The development of a hobbyist operating system is one of the more involved and technical options for a computer hobbyist.
The definition of a hobby operating system can sometimes be vague. It can be from the developer's view, where the developers do it just for fun or learning; it can also be seen from the user's view, where the users are only using it as a toy; or it can be defined as an operating system which doesn't have a very big user base.

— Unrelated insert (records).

(* Fix an integer $q\ge 2$ and an integer $s\ge 0$. For $n\ge1$, $N=\{1,\dots,n\}$, let $F^c=\{-\tfrac{q-1}{2},\dots,\tfrac{q-1}{2}\}$ (step $1$), $\Omega=(F^c)^N$, and for couplings $J_A\ge 0$ ($A\subset N$, $|A|\ge2$) let $x_A=e^{J_A}$ and $Z_\gamma=\prod_A x_A^{\delta_{(\sigma^A)_\gamma}}$, where $\delta_{(\sigma^A)_\gamma}=1$ if all coordinates $(\sigma_i)_\gamma$, $i\in A$, are equal and $0$ otherwise. For a list $R$ of elements of $N$ (repetitions allowed) and $A'\subset\Omega$ put $\zeta(R,A')=\sum_{\gamma\in A'}(\sigma^R)_\gamma Z_\gamma$, where $(\sigma^R)_\gamma=\prod_{i\in R}(\sigma_i)_\gamma$ with multiplicity, and $\zeta(R)=\zeta(R,\Omega)$. Suppose that $\zeta(R)\ge 0$ for every $n\ge1$, every list $R$ of elements of $\{1,\dots,n\}$, and every choice of couplings with at most $s$ nonzero $J_A$. Then for every $n$, every list $R$ of elements of $N$, every choice of couplings with $s$ nonzero $J_A$, and every $B\subset N$, we have $\zeta(R,B^{(1)})\ge 0$, where $B^{(1)}=\{\gamma\in\Omega:\delta_{(\sigma^B)_\gamma}=1\}$.
   Context: $\zeta(R)$ equals $Z\langle\sigma^R\rangle$ for the generalized Potts Gibbs measure $P(\gamma)=Z_\gamma/Z$, $Z=\sum_\gamma Z_\gamma$, with centered spin values. The paper's hypothesis is phrased as "$\zeta^N_s(R)\ge0$ for any $n$ vertices and $q$ number of spins"; it is here read as holding for all systems with at most $s$ nonzero couplings. *)

theory Defs
  imports Complex_Main "HOL-Library.FuncSet"
begin

definition spin :: "nat \<Rightarrow> nat \<Rightarrow> real" where
  "spin q k = real k - (real q - 1) / 2"

text \<open>Configurations gamma in Omega: vertex i in {1..n} gets state gamma i < q
  (spin value spin q (gamma i)).\<close>
definition configs :: "nat \<Rightarrow> nat \<Rightarrow> (nat \<Rightarrow> nat) set" where
  "configs q n = PiE {1..n} (\<lambda>_. {..<q})"

definition delta :: "(nat \<Rightarrow> nat) \<Rightarrow> nat set \<Rightarrow> nat" where
  "delta \<gamma> A = (if \<forall>i\<in>A. \<forall>j\<in>A. \<gamma> i = \<gamma> j then 1 else 0)"

definition hedges :: "nat \<Rightarrow> nat set set" where
  "hedges n = {A. A \<subseteq> {1..n} \<and> 2 \<le> card A}"

definition Zw :: "nat \<Rightarrow> (nat set \<Rightarrow> real) \<Rightarrow> (nat \<Rightarrow> nat) \<Rightarrow> real" where
  "Zw n J \<gamma> = (\<Prod>A\<in>hedges n. exp (J A) ^ delta \<gamma> A)"

definition sigmaR :: "nat \<Rightarrow> nat list \<Rightarrow> (nat \<Rightarrow> nat) \<Rightarrow> real" where
  "sigmaR q R \<gamma> = prod_list (map (\<lambda>i. spin q (\<gamma> i)) R)"

definition zeta :: "nat \<Rightarrow> nat \<Rightarrow> (nat set \<Rightarrow> real) \<Rightarrow> nat list \<Rightarrow> (nat \<Rightarrow> nat) set \<Rightarrow> real" where
  "zeta q n J R S = (\<Sum>\<gamma>\<in>S. sigmaR q R \<gamma> * Zw n J \<gamma>)"

definition nonneg_couplings :: "nat \<Rightarrow> (nat set \<Rightarrow> real) \<Rightarrow> bool" where
  "nonneg_couplings n J = (\<forall>A\<in>hedges n. 0 \<le> J A)"

definition num_nonzero :: "nat \<Rightarrow> (nat set \<Rightarrow> real) \<Rightarrow> nat" where
  "num_nonzero n J = card {A\<in>hedges n. J A \<noteq> 0}"

definition B1 :: "nat \<Rightarrow> nat \<Rightarrow> nat set \<Rightarrow> (nat \<Rightarrow> nat) set" where
  "B1 q n B = {\<gamma>\<in>configs q n. delta \<gamma> B = 1}"

end

theory Submission
  imports Defs
begin

text \<open>Merge the vertices of \<open>B\<close> into one vertex \<open>b \<in> B\<close> and push every coupling
  \<open>J\<^sub>A\<close> forward to the image of \<open>A\<close>. The merged system has no more nonzero couplings, and on
  configurations constant on \<open>B\<close> its weights agree with the original ones up to the factor
  \<open>exp (\<Sum> J\<^sub>A)\<close> over the hyperedges \<open>A\<close> collapsed to a single vertex. In the merged system
  the vertices of \<open>B - {b}\<close> are isolated, so summing out their spins only contributes the
  factor \<open>q ^ (card B - 1)\<close>. Hence \<open>\<zeta>(R, B1 q n B)\<close> is a positive multiple of \<open>\<zeta>\<close> of the
  merged system, which is nonnegative by hypothesis.\<close>

lemma finite_hedges: "finite (hedges n)"
  by (rule finite_subset[of _ "Pow {1..n}"]) (auto simp: hedges_def)

lemma Zw_eq_exp_sum: "Zw n J \<gamma> = exp (\<Sum>A\<in>hedges n. real (delta \<gamma> A) * J A)"
  unfolding Zw_def by (simp add: finite_hedges exp_sum exp_of_nat_mult)

lemma Zw_cong:
  assumes "\<And>A. A \<in> hedges n \<Longrightarrow> J A \<noteq> 0 \<Longrightarrow> A \<subseteq> T"
    and "\<And>i. i \<in> T \<Longrightarrow> \<gamma> i = \<gamma>' i"
  shows "Zw n J \<gamma> = Zw n J \<gamma>'"
  unfolding Zw_eq_exp_sum
proof (intro arg_cong[where f = exp] sum.cong refl)
  fix A assume "A \<in> hedges n"
  then show "real (delta \<gamma> A) * J A = real (delta \<gamma>' A) * J A"
    using assms by (cases "J A = 0") (auto simp: delta_def subset_iff)
qed

lemma sigmaR_cong: "(\<And>i. i \<in> set R \<Longrightarrow> \<gamma> i = \<gamma>' i) \<Longrightarrow> sigmaR q R \<gamma> = sigmaR q R \<gamma>'"
  unfolding sigmaR_def by (metis (mono_tags, lifting) map_eq_conv)

lemma sigmaR_map: "sigmaR q (map f R) \<gamma> = sigmaR q R (\<gamma> \<circ> f)"
  by (simp add: sigmaR_def comp_def)

lemma sum_PiE_restrict:
  fixes g :: "('a \<Rightarrow> 'b) \<Rightarrow> real"
  assumes "finite D" "S \<inter> D = {}"
  shows "(\<Sum>\<gamma>\<in>PiE (S \<union> D) (\<lambda>_. A). g (restrict \<gamma> S))
       = real (card A) ^ card D * (\<Sum>\<delta>\<in>PiE S (\<lambda>_. A). g \<delta>)"
  using assms
proof (induction D rule: finite_induct)
  case empty
  then show ?case by (simp cong: sum.cong)
next
  case (insert k D)
  have k: "k \<notin> S \<union> D" using insert by auto
  have "(\<Sum>\<gamma>\<in>PiE (S \<union> insert k D) (\<lambda>_. A). g (restrict \<gamma> S))
      = (\<Sum>p\<in>A \<times> PiE (S \<union> D) (\<lambda>_. A). g (restrict ((snd p)(k := fst p)) S))"
    unfolding Un_insert_right PiE_insert_eq
    by (subst sum.reindex[OF inj_combinator[OF k]]) (simp add: o_def split_def)
  also have "\<dots> = (\<Sum>p\<in>A \<times> PiE (S \<union> D) (\<lambda>_. A). g (restrict (snd p) S))"
    using k by simp
  also have "\<dots> = real (card A) * (\<Sum>h\<in>PiE (S \<union> D) (\<lambda>_. A). g (restrict h S))"
    using sum.cartesian_product[of "\<lambda>_ h. g (restrict h S)" "PiE (S \<union> D) (\<lambda>_. A)" A]
    by (simp add: split_def)
  also have "\<dots> = real (card A) ^ card (insert k D) * (\<Sum>\<delta>\<in>PiE S (\<lambda>_. A). g \<delta>)"
    using insert by (simp add: restrict_def)
  finally show ?case .
qed

definition push_couplings :: "nat \<Rightarrow> (nat \<Rightarrow> nat) \<Rightarrow> (nat set \<Rightarrow> real) \<Rightarrow> nat set \<Rightarrow> real" where
  "push_couplings n f J A' = (\<Sum>A\<in>{A\<in>hedges n. f ` A = A'}. J A)"

lemma nonneg_couplings_push:
  "nonneg_couplings n J \<Longrightarrow> nonneg_couplings n (push_couplings n f J)"
  unfolding nonneg_couplings_def push_couplings_def by (auto intro!: sum_nonneg)

lemma push_couplings_nonzero:
  assumes "push_couplings n f J A' \<noteq> 0"
  obtains A where "A \<in> hedges n" "f ` A = A'" "J A \<noteq> 0"
proof -
  from assms obtain A where "A \<in> {A\<in>hedges n. f ` A = A'}" "J A \<noteq> 0"
    unfolding push_couplings_def by (rule sum.not_neutral_contains_not_neutral)
  then show ?thesis using that by blast
qed

lemma num_nonzero_push_le: "num_nonzero n (push_couplings n f J) \<le> num_nonzero n J"
proof -
  have "{A'\<in>hedges n. push_couplings n f J A' \<noteq> 0} \<subseteq> (\<lambda>A. f ` A) ` {A\<in>hedges n. J A \<noteq> 0}"
  proof
    fix A' assume "A' \<in> {A'\<in>hedges n. push_couplings n f J A' \<noteq> 0}"
    then obtain A where "A \<in> hedges n" "f ` A = A'" "J A \<noteq> 0"
      by (auto elim!: push_couplings_nonzero)
    then show "A' \<in> (\<lambda>A. f ` A) ` {A\<in>hedges n. J A \<noteq> 0}" by blast
  qed
  then have "num_nonzero n (push_couplings n f J) \<le> card ((\<lambda>A. f ` A) ` {A\<in>hedges n. J A \<noteq> 0})"
    unfolding num_nonzero_def by (intro card_mono) (simp_all add: finite_hedges)
  also have "\<dots> \<le> num_nonzero n J"
    unfolding num_nonzero_def by (rule card_image_le) (simp add: finite_hedges)
  finally show ?thesis .
qed

text \<open>Configurations constant on the fibres of the retraction \<open>f\<close> are the configurations
  of the system in which every fibre is merged to a single vertex.\<close>

locale vertex_retraction =
  fixes n :: nat and f :: "nat \<Rightarrow> nat"
  assumes retraction_into: "i \<in> {1..n} \<Longrightarrow> f i \<in> {1..n}"
    and retraction_idem: "i \<in> {1..n} \<Longrightarrow> f (f i) = f i"
begin

definition collapsed_configs :: "nat \<Rightarrow> (nat \<Rightarrow> nat) set" where
  "collapsed_configs q = {\<gamma>\<in>configs q n. \<forall>i\<in>{1..n}. \<gamma> (f i) = \<gamma> i}"

definition collapse :: "(nat \<Rightarrow> nat) \<Rightarrow> nat \<Rightarrow> nat" where
  "collapse \<gamma> = restrict (\<gamma> \<circ> f) {1..n}"

lemma collapse_on_image:
  assumes "i \<in> f ` {1..n}"
  shows "collapse \<gamma> i = \<gamma> i"
proof -
  obtain j where j: "j \<in> {1..n}" "i = f j" using assms by blast
  then show ?thesis
    using retraction_into[OF j(1)] retraction_idem[OF j(1)] by (simp add: collapse_def)
qed

lemma collapse_restrict_image: "collapse (restrict \<gamma> (f ` {1..n})) = collapse \<gamma>"
  unfolding collapse_def by (rule restrict_compose_left) auto

lemma bij_betw_collapse:
  "bij_betw collapse (PiE (f ` {1..n}) (\<lambda>_. {..<q})) (collapsed_configs q)"
proof (rule bij_betw_byWitness[where f' = "\<lambda>\<gamma>. restrict \<gamma> (f ` {1..n})"])
  show "\<forall>\<delta>\<in>PiE (f ` {1..n}) (\<lambda>_. {..<q}). restrict (collapse \<delta>) (f ` {1..n}) = \<delta>"
    using collapse_on_image by (auto simp: PiE_iff extensional_def)
  show "\<forall>\<gamma>\<in>collapsed_configs q. collapse (restrict \<gamma> (f ` {1..n})) = \<gamma>"
    unfolding collapse_restrict_image
    by (auto intro!: PiE_ext[of _ "{1..n}" "\<lambda>_. {..<q}"]
        simp: collapsed_configs_def configs_def collapse_def)
  show "collapse ` PiE (f ` {1..n}) (\<lambda>_. {..<q}) \<subseteq> collapsed_configs q"
    using retraction_into retraction_idem
    by (auto simp: collapsed_configs_def configs_def collapse_def PiE_iff)
  show "(\<lambda>\<gamma>. restrict \<gamma> (f ` {1..n})) ` collapsed_configs q \<subseteq> PiE (f ` {1..n}) (\<lambda>_. {..<q})"
    using retraction_into by (auto simp: collapsed_configs_def configs_def PiE_iff)
qed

Development can begin from existing resources like a kernel, an operating system, or a bootloader, or it can also be made completely from scratch. The development platform could be a bare hardware machine, which is the nature of an operating system, but it could also be developed and tested on a virtual machine.
Since the hobbyist must claim more ownership for adapting a complex system to the ever-changing needs of the technical terrain, much enthusiasm is common amongst the many different groups attracted to operating system development.

Development
Elements of operating system development include:

 Kernel:
 Bootstrapping
 Memory management
 Process management and scheduling
 Device driver management
 Program API
 External programs
 User interface

The C programming language is frequently used for hobby operating system programming, as well as assembly language, though other languages can be used as well.

The use of assembly language is common with small systems, especially those based on eight bit microprocessors such as the MOS Technology 6502 family or the Zilog Z80, or in systems with a lack of available resources because of its small output size and low-level efficiency.

User interface
Most hobby operating systems use a command-line interface or a simple text user interface due to ease of development. More advanced hobby operating systems may have a graphical user interface. For example, AtheOS was a hobby operating system with a graphical interface written entirely by one programmer.

Examples

Use of BIOS

This section is predominantly x86 oriented.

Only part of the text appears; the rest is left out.